Vector databases are also often used to implement retrieval-augmented generation (RAG), a method to improve domain-specific responses of large language models.

Operational Database

Operational databases store detailed data about the operations of an organization. They typically process relatively high volumes of updates using transactions. Examples include customer databases that record contact, credit, and demographic information about a business’s customers, personnel databases that hold information such as salary, benefits, and skills data about employees, enterprise resource planning systems that record details about product components, parts inventory, and financial databases that keep track of the organization’s money, accounting, and financial dealings.

Real-Time Database

Real-time databases process transactions fast enough for the result to come back and be acted on right away.

Spatial Database

A spatial database can store data with multidimensional features.

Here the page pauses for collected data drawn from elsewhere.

lemma card_partition_on_le:
  assumes P: "partition_on A P" and "finite A"
  shows "card P \<le> card A"
proof -
  have fin: "finite p" if "p \<in> P" for p
    using finite_subset[OF Union_upper[OF that]] partition_onD1[OF P] \<open>finite A\<close> by simp
  have "card P = (\<Sum>p\<in>P. 1)" by simp
  also have "\<dots> \<le> (\<Sum>p\<in>P. card p)"
  proof (rule sum_mono)
    fix p assume "p \<in> P"
    then show "1 \<le> card p"
      using fin partition_onD3[OF P] by (auto simp: Suc_le_eq card_gt_0_iff)
  qed
  also have "\<dots> = card A"
    using product_partition[OF P fin] by simp
  finally show ?thesis .
qed

lemma partition_on_enumerate:
  assumes P: "partition_on A P" and "finite A"
  obtains f where "\<forall>x\<in>A. f x \<in> {1..card P}" and "\<forall>v\<in>{1..card P}. {x \<in> A. f x = v} \<in> P"
proof -
  let ?V = "{1..card P}"
  obtain g where g: "bij_betw g ?V P"
    using ex_bij_betw_nat_finite_1 finite_elements[OF \<open>finite A\<close> P] by blast
  then have gP: "g v \<in> P" if "v \<in> ?V" for v
    using that by (simp add: bij_betw_apply)
  have unique: "v = v'" if "v \<in> ?V" "v' \<in> ?V" "x \<in> g v" "x \<in> g v'" for x v v'
  proof -
    have "g v = g v'"
      using partition_onD2[OF P] gP[OF that(1)] gP[OF that(2)] that(3,4)
      by (meson disjnt_iff pairwiseD)
    then show ?thesis using bij_betw_imp_inj_on[OF g] that(1,2) by (simp add: inj_on_eq_iff)
  qed
  define f where "f x = (THE v. v \<in> ?V \<and> x \<in> g v)" for x
  have f: "f x \<in> ?V \<and> x \<in> g (f x)" if "x \<in> A" for x
  proof -
    have "x \<in> \<Union>(g ` ?V)"
      using that partition_onD1[OF P] bij_betw_imp_surj_on[OF g] by simp
    then obtain v where v: "v \<in> ?V \<and> x \<in> g v" by blast
    have "f x = v"
      unfolding f_def using v unique by (intro the_equality) blast+
    with v show ?thesis by simp
  qed
  have blocks: "{x \<in> A. f x = v} = g v" if "v \<in> ?V" for v
  proof
    show "{x \<in> A. f x = v} \<subseteq> g v" using f by blast
    show "g v \<subseteq> {x \<in> A. f x = v}"
    proof
      fix x assume x: "x \<in> g v"
      then have "x \<in> A" using gP[OF that] partition_onD1[OF P] by blast
      then show "x \<in> {x \<in> A. f x = v}" using f unique that x by blast
    qed
  qed
  show ?thesis
  proof (rule that[of f])
    show "\<forall>x\<in>A. f x \<in> ?V" using f by blast
    show "\<forall>v\<in>?V. {x \<in> A. f x = v} \<in> P" using blocks gP by simp
  qed
qed

fun reduction_demand :: "(nat \<Rightarrow> real) \<Rightarrow> cust \<Rightarrow> demand" where
  "reduction_demand l (Item i) = \<lparr>pu = 0, td = 2 * i, dof = 0, ta = 2 * i + 1, en = l i\<rparr>"
| "reduction_demand l (Dummy j) = \<lparr>pu = 0, td = 1, dof = 0, ta = 2, en = 1\<rparr>"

Queries on such data include location-based queries, like “Where is the closest hotel in my area?”

Temporal Database

A temporal database has built-in time aspects, for example, a temporal data model and a temporal version of SQL. More specifically, the temporal aspects usually include valid-time and transaction-time.

Glossary

ACID

ACID (atomicity, consistency, isolation, durability) is a set of properties of database transactions intended to guarantee data validity despite errors, power failures, and other mishaps. In the context of databases, a sequence of database operations that satisfies the ACID properties (which can be perceived as a single logical operation on the data) is called a transaction.

OLAP

Online Analytical Processing: Databases configured for OLAP use a multidimensional data model, allowing for complex analytical and ad hoc queries with rapid execution time.

OLAP is used to help you understand your business.

OLTP

Online Transaction Processing (OLTP) is a type of database system used in transaction-oriented applications, such as many operational systems. “Online” refers to the fact that such systems are expected to respond to user requests and process them in real-time (process transactions).

OLTP is used directly for your business.